### What to do
Could you report every line from the entries that includes the word "forall"?

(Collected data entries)

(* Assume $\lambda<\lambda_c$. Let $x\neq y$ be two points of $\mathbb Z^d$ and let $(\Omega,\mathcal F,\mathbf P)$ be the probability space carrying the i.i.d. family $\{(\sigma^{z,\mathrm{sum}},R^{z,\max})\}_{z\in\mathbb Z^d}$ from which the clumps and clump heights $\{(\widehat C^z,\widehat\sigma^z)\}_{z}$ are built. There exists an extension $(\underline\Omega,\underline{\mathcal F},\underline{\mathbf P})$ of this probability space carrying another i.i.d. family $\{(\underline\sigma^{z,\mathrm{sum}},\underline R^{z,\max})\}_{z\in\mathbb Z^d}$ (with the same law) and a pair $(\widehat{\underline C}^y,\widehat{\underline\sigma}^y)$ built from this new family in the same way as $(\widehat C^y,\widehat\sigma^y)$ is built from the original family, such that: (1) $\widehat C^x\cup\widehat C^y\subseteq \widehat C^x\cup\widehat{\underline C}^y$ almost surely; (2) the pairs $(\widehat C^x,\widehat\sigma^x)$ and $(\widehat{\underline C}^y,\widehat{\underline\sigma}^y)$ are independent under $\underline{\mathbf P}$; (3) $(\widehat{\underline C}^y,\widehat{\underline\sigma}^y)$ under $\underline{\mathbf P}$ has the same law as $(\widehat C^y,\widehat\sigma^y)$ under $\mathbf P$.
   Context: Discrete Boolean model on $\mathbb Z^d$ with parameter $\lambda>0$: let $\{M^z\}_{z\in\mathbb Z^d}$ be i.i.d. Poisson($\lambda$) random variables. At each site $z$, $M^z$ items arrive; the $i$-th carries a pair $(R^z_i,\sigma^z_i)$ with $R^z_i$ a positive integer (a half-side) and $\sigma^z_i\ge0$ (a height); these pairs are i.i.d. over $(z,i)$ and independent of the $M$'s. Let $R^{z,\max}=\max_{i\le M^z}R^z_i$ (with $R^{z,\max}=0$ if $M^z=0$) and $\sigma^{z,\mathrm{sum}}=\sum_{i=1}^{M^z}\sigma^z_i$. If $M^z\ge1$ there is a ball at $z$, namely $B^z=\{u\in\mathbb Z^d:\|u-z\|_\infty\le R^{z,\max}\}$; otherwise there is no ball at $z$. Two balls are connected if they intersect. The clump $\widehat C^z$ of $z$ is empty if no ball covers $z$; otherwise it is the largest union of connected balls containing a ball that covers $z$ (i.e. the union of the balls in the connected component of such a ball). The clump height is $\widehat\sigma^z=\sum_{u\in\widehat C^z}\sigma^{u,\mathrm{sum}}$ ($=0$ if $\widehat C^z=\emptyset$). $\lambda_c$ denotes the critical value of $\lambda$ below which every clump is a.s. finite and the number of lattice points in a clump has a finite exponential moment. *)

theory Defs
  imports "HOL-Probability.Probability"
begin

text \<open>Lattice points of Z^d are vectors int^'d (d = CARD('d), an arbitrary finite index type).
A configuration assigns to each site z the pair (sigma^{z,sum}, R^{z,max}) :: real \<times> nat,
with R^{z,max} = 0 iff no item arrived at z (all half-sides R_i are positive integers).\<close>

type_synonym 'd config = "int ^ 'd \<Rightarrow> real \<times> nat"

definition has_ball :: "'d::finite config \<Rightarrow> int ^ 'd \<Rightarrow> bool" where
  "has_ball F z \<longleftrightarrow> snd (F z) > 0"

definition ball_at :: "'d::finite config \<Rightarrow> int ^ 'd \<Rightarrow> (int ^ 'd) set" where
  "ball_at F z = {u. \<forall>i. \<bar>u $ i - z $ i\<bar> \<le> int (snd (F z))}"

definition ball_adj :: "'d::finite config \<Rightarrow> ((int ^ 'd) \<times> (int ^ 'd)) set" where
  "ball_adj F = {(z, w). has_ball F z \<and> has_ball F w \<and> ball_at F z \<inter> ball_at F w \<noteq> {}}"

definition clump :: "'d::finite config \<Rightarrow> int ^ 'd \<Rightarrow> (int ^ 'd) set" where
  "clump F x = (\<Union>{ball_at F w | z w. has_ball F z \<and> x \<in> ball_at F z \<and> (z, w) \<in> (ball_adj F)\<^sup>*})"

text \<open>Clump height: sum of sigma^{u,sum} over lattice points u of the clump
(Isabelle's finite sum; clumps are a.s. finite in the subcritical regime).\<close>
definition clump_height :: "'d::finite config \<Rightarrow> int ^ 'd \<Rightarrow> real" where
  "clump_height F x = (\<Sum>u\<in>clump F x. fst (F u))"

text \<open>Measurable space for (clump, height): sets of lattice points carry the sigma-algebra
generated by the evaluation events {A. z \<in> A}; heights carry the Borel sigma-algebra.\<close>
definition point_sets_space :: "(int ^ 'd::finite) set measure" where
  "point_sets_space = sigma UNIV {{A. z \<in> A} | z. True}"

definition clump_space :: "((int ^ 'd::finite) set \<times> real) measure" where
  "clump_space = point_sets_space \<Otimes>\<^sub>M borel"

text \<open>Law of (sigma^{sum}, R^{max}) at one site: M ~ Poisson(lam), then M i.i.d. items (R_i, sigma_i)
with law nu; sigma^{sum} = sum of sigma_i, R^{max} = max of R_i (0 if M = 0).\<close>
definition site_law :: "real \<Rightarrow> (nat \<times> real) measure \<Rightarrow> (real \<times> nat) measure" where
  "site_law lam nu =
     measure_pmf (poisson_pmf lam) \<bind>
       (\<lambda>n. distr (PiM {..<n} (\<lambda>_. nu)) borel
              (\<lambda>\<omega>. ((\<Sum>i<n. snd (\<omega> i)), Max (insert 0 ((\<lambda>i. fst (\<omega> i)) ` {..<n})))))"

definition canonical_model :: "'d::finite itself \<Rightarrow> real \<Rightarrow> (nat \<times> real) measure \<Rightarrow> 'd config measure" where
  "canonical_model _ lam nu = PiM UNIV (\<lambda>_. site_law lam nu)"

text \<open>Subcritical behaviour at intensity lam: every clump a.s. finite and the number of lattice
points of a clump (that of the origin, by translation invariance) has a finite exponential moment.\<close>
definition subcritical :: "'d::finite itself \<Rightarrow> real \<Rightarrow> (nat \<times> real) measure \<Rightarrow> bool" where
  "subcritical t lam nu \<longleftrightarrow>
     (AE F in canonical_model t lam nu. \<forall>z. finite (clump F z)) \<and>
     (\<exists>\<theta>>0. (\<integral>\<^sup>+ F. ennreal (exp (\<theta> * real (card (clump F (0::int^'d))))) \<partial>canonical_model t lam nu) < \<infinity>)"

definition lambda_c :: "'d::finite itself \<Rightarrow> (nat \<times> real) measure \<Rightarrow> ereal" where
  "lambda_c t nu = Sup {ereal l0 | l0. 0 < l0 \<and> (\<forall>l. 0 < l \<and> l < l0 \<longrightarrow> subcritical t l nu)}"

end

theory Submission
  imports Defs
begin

### Result
  "ball_at F z = {u. \<forall>i. \<bar>u $ i - z $ i\<bar> \<le> int (snd (F z))}"
     (AE F in canonical_model t lam nu. \<forall>z. finite (clump F z)) \<and>
  "lambda_c t nu = Sup {ereal l0 | l0. 0 < l0 \<and> (\<forall>l. 0 < l \<and> l < l0 \<longrightarrow> subcritical t l nu)}"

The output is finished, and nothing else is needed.